For one who lives a hedonistic life, a life in which nescience is cultivated, the results are envy, anger, greed, impatience, disrespect for others, anxiety, depression, hatred, ever-increasing lust, forgetfulness, frustration, dissatisfaction, duplicity, fear of death, and so on.

For a Person Who Cultivates Wisdom, the Result Is Inner Peace

On the other hand, for a person who cultivates wisdom or true knowledge, the results are inner peace, satisfaction, patience, respect for others, freedom from duplicity, compassion, joyfulness, remembrance of his spiritual identity, freedom from the fear of death, freedom from anxiety and depression, and so on.
Removal of fear and anguish from the heart creates the experience of real freedom. Just as the suffering caused by ignorance can never be described adequately, neither can the joy born out of wisdom.
Pleasure or blissfulness is not bad. To be blissful is our natural condition. But where will we find such pleasure, such bliss? Spiritual teachers state that happiness is to be found in loving devotional service to the Absolute Whole—not in the glittering but temporary goodies of this material world.
The symptom of a full, happy person is that he is always giving. His cup is overflowing.
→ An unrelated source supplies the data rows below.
text \<open>On \<open>1 \<otimes> a\<close> the form of \<open>\<K>\<H>\<close> is
  \<open>\<Sum>\<^sub>n a\<^sup>T \<Sigma>\<^sub>c\<^sup>-\<^sup>1 H\<^sub>n\<^sup>T R\<^sub>n\<^sup>-\<^sup>1 H\<^sub>n a = N a\<^sup>T \<Sigma>\<^sub>c\<^sup>-\<^sup>1 \<Sigma>\<^sub>c a = N |a|\<^sup>2\<close>.\<close>

lemma consensus_gain_form:
  fixes N M :: nat and Mn :: "nat \<Rightarrow> nat" and H R :: "nat \<Rightarrow> real mat"
  defines "Sigma_c \<equiv> Matrix.mat M M (\<lambda>(i,j). (1 / real N) *
              (\<Sum>n<N. ((H n)\<^sup>T * minv (R n) * H n) $$ (i,j)))"
  defines "K \<equiv> (\<lambda>n. minv Sigma_c * (H n)\<^sup>T * minv (R n))"
  defines "Kcal \<equiv> diag_block_mat (map K [0..<N])"
  defines "Hcal \<equiv> diag_block_mat (map H [0..<N])"
  assumes H_dim: "\<And>n. n < N \<Longrightarrow> H n \<in> carrier_mat (Mn n) M"
    and R_spd: "\<And>n. n < N \<Longrightarrow> sym_pos_def (Mn n) (R n)"
    and Sigma_inv: "invertible_mat Sigma_c" and N: "0 < N"
  shows "Hcal \<in> carrier_mat (\<Sum>n<N. Mn n) (N * M)"
    and "Kcal * Hcal \<in> carrier_mat (N * M) (N * M)"
    and "\<And>a. a \<in> carrier_vec M \<Longrightarrow>
      kron_ones N a \<bullet> ((Kcal * Hcal) *\<^sub>v kron_ones N a) = kron_ones N a \<bullet> kron_ones N a"
proof -
  have Sc: "Sigma_c \<in> carrier_mat M M" unfolding Sigma_c_def by simp
  have Y: "minv Sigma_c \<in> carrier_mat M M" and YS: "minv Sigma_c * Sigma_c = 1\<^sub>m M"
    using minv_of_invertible[OF Sc Sigma_inv] by auto
  have Rinv: "minv (R n) \<in> carrier_mat (Mn n) (Mn n)" if "n < N" for n
    by (rule minv_sym_pos_def_carrier[OF R_spd[OF that]])
  have Kn: "K n \<in> carrier_mat M (Mn n)" if "n < N" for n
    using Y H_dim[OF that] Rinv[OF that] unfolding K_def by simp
  have Hcal: "Hcal \<in> carrier_mat (\<Sum>n<N. Mn n) (\<Sum>n<N. M)"
    unfolding Hcal_def by (rule diag_block_mat_map_carrier[OF H_dim])
  then show "Hcal \<in> carrier_mat (\<Sum>n<N. Mn n) (N * M)" by simp
  have Kcal: "Kcal \<in> carrier_mat (\<Sum>n<N. M) (\<Sum>n<N. Mn n)"
    unfolding Kcal_def by (rule diag_block_mat_map_carrier[OF Kn])
  with Hcal show "Kcal * Hcal \<in> carrier_mat (N * M) (N * M)" by simp
  fix a :: "real Matrix.vec" assume a: "a \<in> carrier_vec M"
  define G where "G = (\<lambda>n. (H n)\<^sup>T * minv (R n) * H n)"
  have KH: "K n *\<^sub>v (H n *\<^sub>v a) = minv Sigma_c *\<^sub>v (G n *\<^sub>v a)" if n: "n < N" for n
  proof -
    have H: "H n \<in> carrier_mat (Mn n) M" and Ht: "(H n)\<^sup>T \<in> carrier_mat M (Mn n)"
      and Ri: "minv (R n) \<in> carrier_mat (Mn n) (Mn n)" using H_dim[OF n] Rinv[OF n] by auto
    have Ha: "H n *\<^sub>v a \<in> carrier_vec (Mn n)" using H a by simp
    have "K n *\<^sub>v (H n *\<^sub>v a) = (minv Sigma_c * (H n)\<^sup>T) *\<^sub>v (minv (R n) *\<^sub>v (H n *\<^sub>v a))"
      unfolding K_def by (rule assoc_mult_mat_vec) (use Y Ht Ri Ha in auto)
    also have "\<dots> = minv Sigma_c *\<^sub>v ((H n)\<^sup>T *\<^sub>v (minv (R n) *\<^sub>v (H n *\<^sub>v a)))"
      by (rule assoc_mult_mat_vec[OF Y Ht]) (use Ri Ha in simp)
    also have "(H n)\<^sup>T *\<^sub>v (minv (R n) *\<^sub>v (H n *\<^sub>v a)) = ((H n)\<^sup>T * minv (R n)) *\<^sub>v (H n *\<^sub>v a)"
      by (rule assoc_mult_mat_vec[OF Ht Ri Ha, symmetric])
    also have "\<dots> = G n *\<^sub>v a"
      unfolding G_def by (rule assoc_mult_mat_vec[symmetric]) (use Ht Ri H a in auto)
    finally show ?thesis .
  qed
  have "(\<Sum>n<N. a \<bullet> (K n *\<^sub>v (H n *\<^sub>v a))) = (\<Sum>n<N. a \<bullet> (minv Sigma_c *\<^sub>v (G n *\<^sub>v a)))"
    by (simp add: KH)
  also have "\<dots> = real N * (a \<bullet> a)"
  proof (rule sum_quadratic_inverse_average[OF Y Sc YS _ _ N a])
    show "G n \<in> carrier_mat M M" if "n < N" for n
      using H_dim[OF that] Rinv[OF that] unfolding G_def by simp
  qed (simp add: G_def Sigma_c_def)
  ultimately have "(\<Sum>n<N. a \<bullet> (K n *\<^sub>v (H n *\<^sub>v a))) = real N * (a \<bullet> a)" by simp
  moreover have "(Kcal * Hcal) *\<^sub>v kron_ones N a = Kcal *\<^sub>v (Hcal *\<^sub>v kron_ones N a)"
    using Kcal Hcal a by (intro assoc_mult_mat_vec) auto
  ultimately show "kron_ones N a \<bullet> ((Kcal * Hcal) *\<^sub>v kron_ones N a) = kron_ones N a \<bullet> kron_ones N a"
    unfolding Kcal_def Hcal_def kron_ones_self[OF a]
    by (simp add: quadratic_form_diag_block_kron_ones[OF Kn H_dim a])
qed

lemma expected_laplacian_kron_coercive:
  assumes sg: "\<And>E. E \<in> set_pmf G \<Longrightarrow> simple_graph N E" and N: "2 \<le> N"
    and lambda2: "lambda2 (expected_laplacian N G) > 0"
  obtains c where "c > 0"
    and "\<And>z. z \<in> carrier_vec (N*M) \<Longrightarrow>
      c * (vnorm (proj_perp N M z))^2 \<le> z \<bullet> (kron (expected_laplacian N G) (1\<^sub>m M) *\<^sub>v z)"
proof -
  let ?L = "expected_laplacian N G"
  note L = expected_laplacian_carrier and sym = expected_laplacian_transpose
    and psd = expected_laplacian_psd[OF sg] and const = expected_laplacian_mult_const[OF sg]
  obtain c where c: "c > 0"
    and coercive: "\<And>x. x \<in> carrier_vec N \<Longrightarrow> (\<Sum>i<N. x $ i) = 0 \<Longrightarrow> c * (x \<bullet> x) \<le> x \<bullet> (?L *\<^sub>v x)"
    using coercive_on_sum_zero[OF L sym psd lambda2_pos_kernel_trivial[OF L N psd const lambda2]]
    by blast
  have "c * (vnorm (proj_perp N M z))^2 \<le> z \<bullet> (kron ?L (1\<^sub>m M) *\<^sub>v z)" if z: "z \<in> carrier_vec (N*M)" for z
    using coercive_kron_on_consensus_perp[OF L coercive proj_perp_eq(2)[OF z]]
      quadratic_form_kron_proj_perp[OF L sym const z] proj_perp_eq(1)[OF z] N
    by (simp add: vnorm_square)
  with c show ?thesis by (rule that)
qed

lemma eventually_powr_ratio_le:
  fixes a b \<tau>1 \<tau>2 \<delta> :: real
  assumes "a > 0" and "b > 0" and "\<tau>2 < \<tau>1" and "\<delta> > 0"
  shows "\<exists>t0::nat. \<forall>t\<ge>t0. a / (real t + 1) powr \<tau>1 \<le> \<delta> * (b / (real t + 1) powr \<tau>2)"
proof -
  have "eventually (\<lambda>t. (real t + 1) powr (\<tau>2 - \<tau>1) < \<delta> * b / a) sequentially"
    using assms by real_asymp
  then obtain t0 where t0: "\<And>t. t \<ge> t0 \<Longrightarrow> (real t + 1) powr (\<tau>2 - \<tau>1) < \<delta> * b / a"
    unfolding eventually_sequentially by blast
  have "a / (real t + 1) powr \<tau>1 \<le> \<delta> * (b / (real t + 1) powr \<tau>2)" if "t \<ge> t0" for t
  proof -
    have "a * (real t + 1) powr (\<tau>2 - \<tau>1) \<le> \<delta> * b" using t0[OF that] assms by (simp add: field_simps)
    then show ?thesis using assms by (simp add: powr_diff field_simps)
  qed
  then show ?thesis by blast
qed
If someone feels he has enough, then he can give to others.

How to Have a Peaceful, Progressive Society

The negative social results of a society populated primarily by hedonistic people should be obvious to anyone. A society of self-centered, animalistic people who have no other interest than their own sense enjoyment cannot be at all peaceful or progressive—either materially or spiritually.
On the other hand, the positive results of a society populated mostly by people who are serious about cultivating wisdom and spiritual understanding should be clear. If the citizens are peaceful, satisfied, respectful of others, compassionate, selfless, and so on, then society will be progressive both materially and spiritually.
Only one who can learn the process of nescience and that of transcendental knowledge side by side can transcend the influence of repeated birth and death and enjoy the full blessing of immortality.

~Sri Ishopanishad, Mantra Eleven
People cannot remain as materialistic, selfish people and have peace and harmony in the family, society, or world.


There can never be harmony if we live like animals. We cannot have the consciousness of animals and yet have the peace of humans.


For the world to be peaceful, we have to be peaceful within ourselves.